The world of data science is faddish, and, for the quality profession to follow every fad would be as questionable as remaining stuck in 1945. Induction Trees and Naive Bayes are basic workhorses of data science, and not particularly fashionable.
Neural Nets, on the other hand, are fashionable but it doesn’t mean they are an appropriate tool to identify the cause of quality problems. By feeding a Neural Net enough examples, you can train it to recognize a handwritten “8.” You can easily gauge its ability to do so, and you don’t need to understand how it manages this feat. Banks run into problems, however, when they apply this technique to credit risk assessment because Neural Nets don’t explain why they recommend granting or denying a loan. Likewise, Neural Nets don’t have much of a role in quality problem solving, as humans need to understand and validate the reasoning behind the identification of a root cause.

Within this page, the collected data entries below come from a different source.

text \<open>A counting argument in the style of Rosenfeld. Fix lists of size \<open>k\<close> and let \<open>C(S)\<close> be the
  set of nonrepetitive list colourings of \<open>S \<subseteq> V\<close>; one shows \<open>|C(S + v)| \<ge> \<beta> |C(S)|\<close> by
  induction on \<open>|S|\<close>. Among the \<open>k |C(S)|\<close> extensions to \<open>v\<close> of colourings in \<open>C(S)\<close>, a bad one
  has a \<open>2j\<close>-repetition along a path through \<open>v\<close>, with \<open>v\<close> in the first half after possibly
  reversing the path. There are at most \<open>j \<Delta>^(2j-1)\<close> such paths, and a colouring with a
  repetition along a given path is determined by its restriction to \<open>S\<close> minus the first half,
  so by induction each path carries at most \<open>|C(S)| / \<beta>^(j-1)\<close> bad extensions. Summing the
  series, at most \<open>|C(S)| \<Delta> / (1 - \<Delta>^2/\<beta>)^2 \<le> (k - \<beta>) |C(S)|\<close> extensions are bad once
  \<open>k \<ge> \<beta> + \<Delta> / (1 - \<Delta>^2/\<beta>)^2\<close>. Hence \<open>|C(V)| \<ge> \<beta>^|V| > 0\<close>, and the choice
  \<open>\<beta> = \<Delta>^2 + 2^(1/3) \<Delta>^(5/3)\<close> gives the stated bound.\<close>

definition walks :: "'a set \<Rightarrow> ('a \<Rightarrow> 'a \<Rightarrow> bool) \<Rightarrow> nat \<Rightarrow> 'a list set" where
  "walks V E n = {p. length p = n \<and> set p \<subseteq> V \<and> (\<forall>i. Suc i < length p \<longrightarrow> E (p ! i) (p ! Suc i))}"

Acknowledgements and Further Reading
The literature on manufacturing quality that I cited in this post includes the following:
- Juran’s Quality Handbook, Joseph A. Defeo
- Introduction to Statistical Quality Control, Douglas Montgomery
- The Six Sigma Handbook, Thomas Pyzdek & Paul Keller
- Understanding Variation, Don Wheeler
- Quality Essentials: A Reference Guide from A to Z, Jack B. ReVelle
The only book I found to consider that there may be more than one characteristic of interest to measure on a workpiece is Peihua Qiu’s Introduction to Statistical Process Control. It has several chapters on multivariate control charts.

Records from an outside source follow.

definition is_path :: "('v, 'a) bquiver \<Rightarrow> 'a list \<Rightarrow> bool" where
  "is_path Q p \<longleftrightarrow> set p \<subseteq> arrs Q
     \<and> (\<forall>i. Suc i < length p \<longrightarrow> tgt Q (p ! i) = src Q (p ! Suc i))"

definition admissible :: "('v, 'a) bquiver \<Rightarrow> bool" where
  "admissible Q \<longleftrightarrow> (\<exists>m. \<forall>p. is_path Q p \<and> length p = m \<longrightarrow>
       (\<exists>i. Suc i < length p \<and> (p ! i, p ! Suc i) \<in> rels Q))"

definition gentle :: "('v, 'a) bquiver \<Rightarrow> bool" where
  "gentle Q \<longleftrightarrow> wf_bquiver Q \<and> admissible Q
     \<and> (\<forall>v\<in>verts Q. card {\<alpha>\<in>arrs Q. tgt Q \<alpha> = v} \<le> 2 \<and> card {\<alpha>\<in>arrs Q. src Q \<alpha> = v} \<le> 2)
     \<and> (\<forall>\<beta>\<in>arrs Q.
          card {\<alpha>\<in>arrs Q. tgt Q \<alpha> = src Q \<beta> \<and> (\<alpha>, \<beta>) \<notin> rels Q} \<le> 1
        \<and> card {\<alpha>\<in>arrs Q. tgt Q \<alpha> = src Q \<beta> \<and> (\<alpha>, \<beta>) \<in> rels Q} \<le> 1
        \<and> card {\<gamma>\<in>arrs Q. src Q \<gamma> = tgt Q \<beta> \<and> (\<beta>, \<gamma>) \<notin> rels Q} \<le> 1
        \<and> card {\<gamma>\<in>arrs Q. src Q \<gamma> = tgt Q \<beta> \<and> (\<beta>, \<gamma>) \<in> rels Q} \<le> 1)"

definition is_blossoming :: "('v, 'a) bquiver \<Rightarrow> ('v, 'a) bquiver \<Rightarrow> bool" where
  "is_blossoming Q Qb \<longleftrightarrow> gentle Qb
     \<and> verts Q \<subseteq> verts Qb \<and> arrs Q \<subseteq> arrs Qb
     \<and> (\<forall>\<alpha>\<in>arrs Q. src Qb \<alpha> = src Q \<alpha> \<and> tgt Qb \<alpha> = tgt Q \<alpha>)
     \<and> rels Qb \<inter> (arrs Q \<times> arrs Q) = rels Q
     \<and> (\<forall>\<alpha>\<in>arrs Qb - arrs Q. (src Qb \<alpha> \<in> verts Q) \<noteq> (tgt Qb \<alpha> \<in> verts Q))
     \<and> (\<forall>b\<in>verts Qb - verts Q. card {\<alpha>\<in>arrs Qb. src Qb \<alpha> = b \<or> tgt Qb \<alpha> = b} = 1)
     \<and> (\<forall>v\<in>verts Q. card {\<alpha>\<in>arrs Qb. tgt Qb \<alpha> = v} = 2 \<and> card {\<alpha>\<in>arrs Qb. src Qb \<alpha> = v} = 2)"

text \<open>A letter is an arrow together with an orientation (True = direct arrow, False = inverse arrow).
  A (directed) string is a start vertex together with a list of letters; (v, []) is the
  lazy string \<open>\<epsilon>_v\<close>.\<close>

type_synonym 'a letter = "'a \<times> bool"
type_synonym ('v, 'a) str = "'v \<times> 'a letter list"

fun lsrc :: "('v, 'a) bquiver \<Rightarrow> 'a letter \<Rightarrow> 'v" where
  "lsrc Q (\<alpha>, d) = (if d then src Q \<alpha> else tgt Q \<alpha>)"

fun ltgt :: "('v, 'a) bquiver \<Rightarrow> 'a letter \<Rightarrow> 'v" where
  "ltgt Q (\<alpha>, d) = (if d then tgt Q \<alpha> else src Q \<alpha>)"

definition vert_at :: "('v, 'a) bquiver \<Rightarrow> ('v, 'a) str \<Rightarrow> nat \<Rightarrow> 'v" where
  "vert_at Q \<sigma> k = (if k = 0 then fst \<sigma> else ltgt Q (snd \<sigma> ! (k - 1)))"

definition str_end :: "('v, 'a) bquiver \<Rightarrow> ('v, 'a) str \<Rightarrow> 'v" where
  "str_end Q \<sigma> = vert_at Q \<sigma> (length (snd \<sigma>))"

definition inv_str :: "('v, 'a) bquiver \<Rightarrow> ('v, 'a) str \<Rightarrow> ('v, 'a) str" where
  "inv_str Q \<sigma> = (str_end Q \<sigma>, rev (map (\<lambda>(\<alpha>, d). (\<alpha>, \<not> d)) (snd \<sigma>)))"

text \<open>sets of undirected strings are represented as sets of directed strings closed under inversion\<close>
definition sym_cl :: "('v, 'a) bquiver \<Rightarrow> ('v, 'a) str set \<Rightarrow> ('v, 'a) str set" where
  "sym_cl Q X = X \<union> inv_str Q ` X"

definition is_string :: "('v, 'a) bquiver \<Rightarrow> ('v, 'a) str \<Rightarrow> bool" where
  "is_string Q \<sigma> \<longleftrightarrow> (let ls = snd \<sigma> in
       fst \<sigma> \<in> verts Q
     \<and> (\<forall>k<length ls. fst (ls ! k) \<in> arrs Q \<and> lsrc Q (ls ! k) = vert_at Q \<sigma> k)
     \<and> (\<forall>k. Suc k < length ls \<longrightarrow>
            \<not> (fst (ls ! Suc k) = fst (ls ! k) \<and> snd (ls ! Suc k) \<noteq> snd (ls ! k)))
     \<and> (\<forall>k. Suc k < length ls \<longrightarrow>
            \<not> (snd (ls ! k) \<and> snd (ls ! Suc k) \<and> (fst (ls ! k), fst (ls ! Suc k)) \<in> rels Q))
     \<and> (\<forall>k. Suc k < length ls \<longrightarrow>
            \<not> (\<not> snd (ls ! k) \<and> \<not> snd (ls ! Suc k) \<and> (fst (ls ! Suc k), fst (ls ! k)) \<in> rels Q)))"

A popular means of learning data science is the course concentration on the subject offered by Coursera since April, 2014. It is a series of 10 online courses taught by three biostatistics professors from Johns Hopkins University. Attendance statistics are not easily available. According to simplystats, as of February 2015, 1.76 million students had signed up. 71,589 had completed one course. 976 had completed the first 9 courses, and 478 the tenth, which is a “Capstone project.”
Most of the literature shows how to use the tools with R, in cookbook fashion, without any theoretical justification. R itself, however, is not a tool I would recommend to any manufacturing professional I know. It’s a programming language and requires users to think like software engineers. The only practical way to use it in a manufacturing environment is through applications developed by specialists. Here are a few references:
- The analytical tools are described in John Mount and Nina Zumel’s Practical Data Science with R.
- For data preparation, visualization and project documentation, see Hadley Wickham and Garrett Grolemund’s R for Data Science.
- For a massive tome on theory, see Trevor Hastie, Robert Tibshirani and Jerome Friedman’s The Elements of Statistical Learning. It opens with the Deming quote “In God we trust, all others bring data.”
- For background on why Bayes’s ideas were dismissed by Shewhart’s contemporary statisticians, see, Sharon Bertsch McGrayne’s The Theory That Would Not Die.